Sherman Brown (pictured), a man who was sentenced to death in Virginia in 1970 for the murder of a 4-year-old boy, has filed a writ of actual innocence with the Virginia Supreme Court saying that DNA testing on recently discovered evidence clears him of the crime. Brown’s petition states: “Recent DNA testing demonstrates by clear and convincing evidence what I have maintained for over 45 years: that I am innocent of this crime. The evidence against me at trial was deeply flawed.”
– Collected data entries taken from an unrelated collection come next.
(* Let $X_0$ and $X_1$ be mm-spaces with $X_0\prec X_1$, and let $f\colon X_1\to X_0$ be a 1-Lipschitz map with $f_*\mu_{X_1}=\mu_{X_0}$. For $0<t<1$ define a metric on $X_1$ by $d_{X_t}(x,x'):=(1-t)\,d_{X_0}(f(x),f(x'))+t\,d_{X_1}(x,x')$ and the mm-space $X_t:=(X_1,d_{X_t},\mu_{X_1})$. Then $[0,1]\ni t\mapsto X_t$ is a $\square$-continuous path from $X_0$ to $X_1$, and it is monotone with respect to the Lipschitz order: $X_s\prec X_t$ for all $0\le s\le t\le1$.
   Context: An mm-space is a triple $(X,d_X,\mu_X)$ where $(X,d_X)$ is a complete separable metric space and $\mu_X$ a Borel probability measure, considered up to mm-isomorphism (an isometry between the supports of the measures pushing one measure to the other). A parameter of $X$ is a Borel map $\varphi\colon [0,1)\to X$ with $\varphi_*\mathcal{L}^1=\mu_X$. The box distance $\square(X,Y)$ is the infimum of $\varepsilon\ge 0$ such that there exist parameters $\varphi$ of $X$, $\psi$ of $Y$ and a Borel set $I_0\subset[0,1)$ with $\mathcal{L}^1(I_0)\ge 1-\varepsilon$ and $|d_X(\varphi(s),\varphi(t))-d_Y(\psi(s),\psi(t))|\le\varepsilon$ for all $s,t\in I_0$. Lipschitz order: $Y\prec X$ if there exists a 1-Lipschitz map $g\colon X\to Y$ with $g_*\mu_X=\mu_Y$. *)

theory Defs
  imports "HOL-Analysis.Analysis" "HOL-Probability.Probability"
begin

text \<open>An mm-space is represented by a distance function together with a Borel probability
measure; the underlying set is the space of the measure.\<close>

type_synonym 'a mm = "('a \<Rightarrow> 'a \<Rightarrow> real) \<times> 'a measure"

definition mm_space :: "'a mm \<Rightarrow> bool" where
  "mm_space X \<longleftrightarrow>
     (let d = fst X; \<mu> = snd X; M = space \<mu> in
       Metric_space M d \<and> Metric_space.mcomplete M d \<and>
       separable_space (Metric_space.mtopology M d) \<and>
       sets \<mu> = sigma_sets M {U. openin (Metric_space.mtopology M d) U} \<and>
       prob_space \<mu>)"

definition unit_lebesgue :: "real measure" where
  "unit_lebesgue = restrict_space lborel {0..<1}"

definition parameter :: "'a mm \<Rightarrow> (real \<Rightarrow> 'a) \<Rightarrow> bool" where
  "parameter X \<phi> \<longleftrightarrow> \<phi> \<in> measurable unit_lebesgue (snd X) \<and> distr unit_lebesgue (snd X) \<phi> = snd X"

definition box_dist :: "'a mm \<Rightarrow> 'b mm \<Rightarrow> real" where
  "box_dist X Y = Inf {\<epsilon>. \<epsilon> \<ge> 0 \<and> (\<exists>\<phi> \<psi> I0. parameter X \<phi> \<and> parameter Y \<psi> \<and>
       I0 \<in> sets unit_lebesgue \<and> measure unit_lebesgue I0 \<ge> 1 - \<epsilon> \<and>
       (\<forall>s\<in>I0. \<forall>t\<in>I0. \<bar>fst X (\<phi> s) (\<phi> t) - fst Y (\<psi> s) (\<psi> t)\<bar> \<le> \<epsilon>))}"

definition lip1 :: "'a mm \<Rightarrow> 'b mm \<Rightarrow> ('a \<Rightarrow> 'b) \<Rightarrow> bool" where
  "lip1 X Y g \<longleftrightarrow> g \<in> space (snd X) \<rightarrow> space (snd Y) \<and>
     (\<forall>x\<in>space (snd X). \<forall>x'\<in>space (snd X). fst Y (g x) (g x') \<le> fst X x x')"

definition lip_dominated :: "'b mm \<Rightarrow> 'a mm \<Rightarrow> bool" (infix "\<prec>" 50) where
  "Y \<prec> X \<longleftrightarrow> (\<exists>g. lip1 X Y g \<and> g \<in> measurable (snd X) (snd Y) \<and> distr (snd X) (snd Y) g = snd Y)"

definition interp :: "'a mm \<Rightarrow> 'b mm \<Rightarrow> ('b \<Rightarrow> 'a) \<Rightarrow> real \<Rightarrow> 'b mm" where
  "interp X0 X1 f t = ((\<lambda>x x'. (1 - t) * fst X0 (f x) (f x') + t * fst X1 x x'), snd X1)"

end

(* Monotonicity in the Lipschitz order is immediate from
     d_t(x,x') - d_s(x,x') = (t - s) (d_1(x,x') - d_0(f x, f x')) \<ge> 0   for s \<le> t,
   with the identity, resp. f, as dominating map. For continuity, one parameter \<psi> of X_1
   parametrises every X_t, and f \<circ> \<psi> parametrises X_0; on a set of measure at least 1 - \<epsilon>
   where d_1(\<psi> s, \<psi> s') \<le> R, the distances of X_t and X_u differ by at most |t - u| R.
   The substantial step is that every mm-space has a parameter at all: nested partitions of the
   space into cells of diameter tending to 0 are matched with nested partitions of [0,1) into
   intervals of the same measures, and \<psi> s is the limit of the cells whose intervals contain s. *)

theory Submission
  imports Defs
begin

lemma exists_divide_power2_less:
  assumes "0 < e"
  shows "\<exists>k. c / 2 ^ k < (e :: real)"
proof -
  have "eventually (\<lambda>k. c / 2 ^ k < e) sequentially"
    using order_tendstoD(2)[OF LIMSEQ_divide_realpow_zero[of 2 c] assms] by simp
  then show ?thesis
    by (auto simp: eventually_sequentially)
qed

lemma Least_threshold_incseq_eq_iff:
  fixes S :: "nat \<Rightarrow> real"
  assumes "incseq S" "S 0 \<le> x" "\<exists>n. x < S n"
  shows "(LEAST j. x < S (Suc j)) = j \<longleftrightarrow> S j \<le> x \<and> x < S (Suc j)"
proof
  obtain n where "x < S (Suc n)"
    using assms(3) \<open>incseq S\<close> by (metis incseq_SucD order_less_le_trans)
  then have ex: "\<exists>j. x < S (Suc j)" by blast
  assume least: "(LEAST j. x < S (Suc j)) = j"
  have "S j \<le> x"
  proof (cases j)
    case (Suc k)
    then show ?thesis
      using not_less_Least[of k "\<lambda>j. x < S (Suc j)"] least by fastforce
  qed (use assms(2) in simp)
  then show "S j \<le> x \<and> x < S (Suc j)"
    using LeastI_ex[OF ex] least by simp
next
  assume bounds: "S j \<le> x \<and> x < S (Suc j)"
  show "(LEAST j. x < S (Suc j)) = j"
  proof (rule Least_equality)
    fix k assume "x < S (Suc k)"
    then show "j \<le> k"
      using bounds incseqD[OF \<open>incseq S\<close>, of "Suc k" j] by (cases "j \<le> k") auto
  qed (use bounds in simp)
qed

lemma space_unit_lebesgue [simp]: "space unit_lebesgue = {0..<1}"
  by (simp add: unit_lebesgue_def space_restrict_space)

lemma sets_unit_lebesgueI: "A \<subseteq> {0..<1} \<Longrightarrow> A \<in> sets borel \<Longrightarrow> A \<in> sets unit_lebesgue"
  unfolding unit_lebesgue_def by (subst sets_restrict_space_iff) auto

lemma emeasure_unit_lebesgue: "A \<subseteq> {0..<1} \<Longrightarrow> emeasure unit_lebesgue A = emeasure lborel A"
  unfolding unit_lebesgue_def by (rule emeasure_restrict_space) auto

lemma Metric_space_convex_combination:
  assumes "Metric_space M0 d0" "Metric_space M1 d1" "f \<in> M1 \<rightarrow> M0" "0 < t" "t \<le> 1"
  shows "Metric_space M1 (\<lambda>x y. (1 - t) * d0 (f x) (f y) + t * d1 x y)"
proof -
  interpret A: Metric_space M0 d0
    by (rule assms(1))
  interpret B: Metric_space M1 d1
    by (rule assms(2))
  show ?thesis
  proof
    fix x y z
    show "0 \<le> (1 - t) * d0 (f x) (f y) + t * d1 x y"
      using assms(4,5) by simp
    show "(1 - t) * d0 (f x) (f y) + t * d1 x y = (1 - t) * d0 (f y) (f x) + t * d1 y x"
      by (simp add: A.commute B.commute)
    assume x: "x \<in> M1" and y: "y \<in> M1"
    show "(1 - t) * d0 (f x) (f y) + t * d1 x y = 0 \<longleftrightarrow> x = y"
    proof
      assume "(1 - t) * d0 (f x) (f y) + t * d1 x y = 0"
      moreover have "0 \<le> (1 - t) * d0 (f x) (f y)" "0 \<le> t * d1 x y"
        using assms(4,5) by simp_all
      ultimately have "t * d1 x y = 0"
        by linarith
      then show "x = y"
        using assms(4) x y by simp
    next
      assume "x = y"
      moreover have "f y \<in> M0"
        using assms(3) y by auto
      ultimately show "(1 - t) * d0 (f x) (f y) + t * d1 x y = 0"
        using y by simp
    qed
    assume z: "z \<in> M1"
    have "(1 - t) * d0 (f x) (f z) \<le> (1 - t) * (d0 (f x) (f y) + d0 (f y) (f z))"
      using assms(3,5) x y z by (intro mult_left_mono A.triangle) auto
    moreover have "t * d1 x z \<le> t * (d1 x y + d1 y z)"
      using assms(4) B.triangle[OF x y z] by (intro mult_left_mono) auto
    ultimately show "(1 - t) * d0 (f x) (f z) + t * d1 x z \<le>
        ((1 - t) * d0 (f x) (f y) + t * d1 x y) + ((1 - t) * d0 (f y) (f z) + t * d1 y z)"
      by (simp add: algebra_simps)
  qed
qed

lemma Lipschitz_equivalent_mtopology_eq:
  assumes "Metric_space M d" "Metric_space M d'" "0 < c"
    and lower: "\<And>x y. x \<in> M \<Longrightarrow> y \<in> M \<Longrightarrow> c * d x y \<le> d' x y"
    and upper: "\<And>x y. x \<in> M \<Longrightarrow> y \<in> M \<Longrightarrow> d' x y \<le> d x y"
  shows "Metric_space.mtopology M d' = Metric_space.mtopology M d"
proof -
  interpret D: Metric_space M d
    by (rule assms(1))
  interpret D': Metric_space M d'
    by (rule assms(2))
  have "D.mball x r \<subseteq> D'.mball x r" for x r
    using upper by fastforce
  moreover have "D'.mball x (c * r) \<subseteq> D.mball x r" for x r
  proof
    fix y assume "y \<in> D'.mball x (c * r)"
    then have "x \<in> M" "y \<in> M" "c * d x y < c * r"
      using lower[of x y] by auto
    then show "y \<in> D.mball x r"
      using \<open>0 < c\<close> by simp
  qed
  ultimately have "(\<exists>r>0. D'.mball x r \<subseteq> U) \<longleftrightarrow> (\<exists>r>0. D.mball x r \<subseteq> U)" for x U
    using \<open>0 < c\<close> by (meson mult_pos_pos order_trans)
  then show ?thesis
    unfolding topology_eq D.openin_mtopology D'.openin_mtopology by blast
qed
Brown was convicted of a 1969 crime in which a woman was knocked unconscious, stabbed, and possibly raped and her 4-year-old son was killed. The woman—who is White—identified Brown—who is Black—as her attacker, and investigators presented expert testimony claiming that a fiber and hair analysis they had conducted implicated Brown.

An all-White jury convicted Brown and sentenced him to death. His death sentence was reduced to life in prison when the U.S. Supreme Court struck down the death penalty in 1972 in Furman v. Georgia.

Several recent developments have called Brown’s conviction into question. The fiber and hair evidence used in Brown’s trial was among the flawed forensic testimony recently identified by the FBI as lacking scientific validity. In 2015, the University of Virginia Innocence Project discovered a slide that contains a vaginal swab that was taken from the victim at the time of the crime. DNA testing excluded Brown as the source of a male DNA profile found in the specimen and, with 98% certainty, ruled out the woman’s husband. This, Brown says, shows the DNA “came from an unidentified third man and constitutes powerful evidence of [his] innocence.”

The Virginia Supreme Court has stayed Brown’s petition to permit additional testing to conclusively determine whether the male DNA could have come from the victim’s husband. If Brown is exonerated, he would be the second Virginia prisoner exonerated after having been sentenced to death.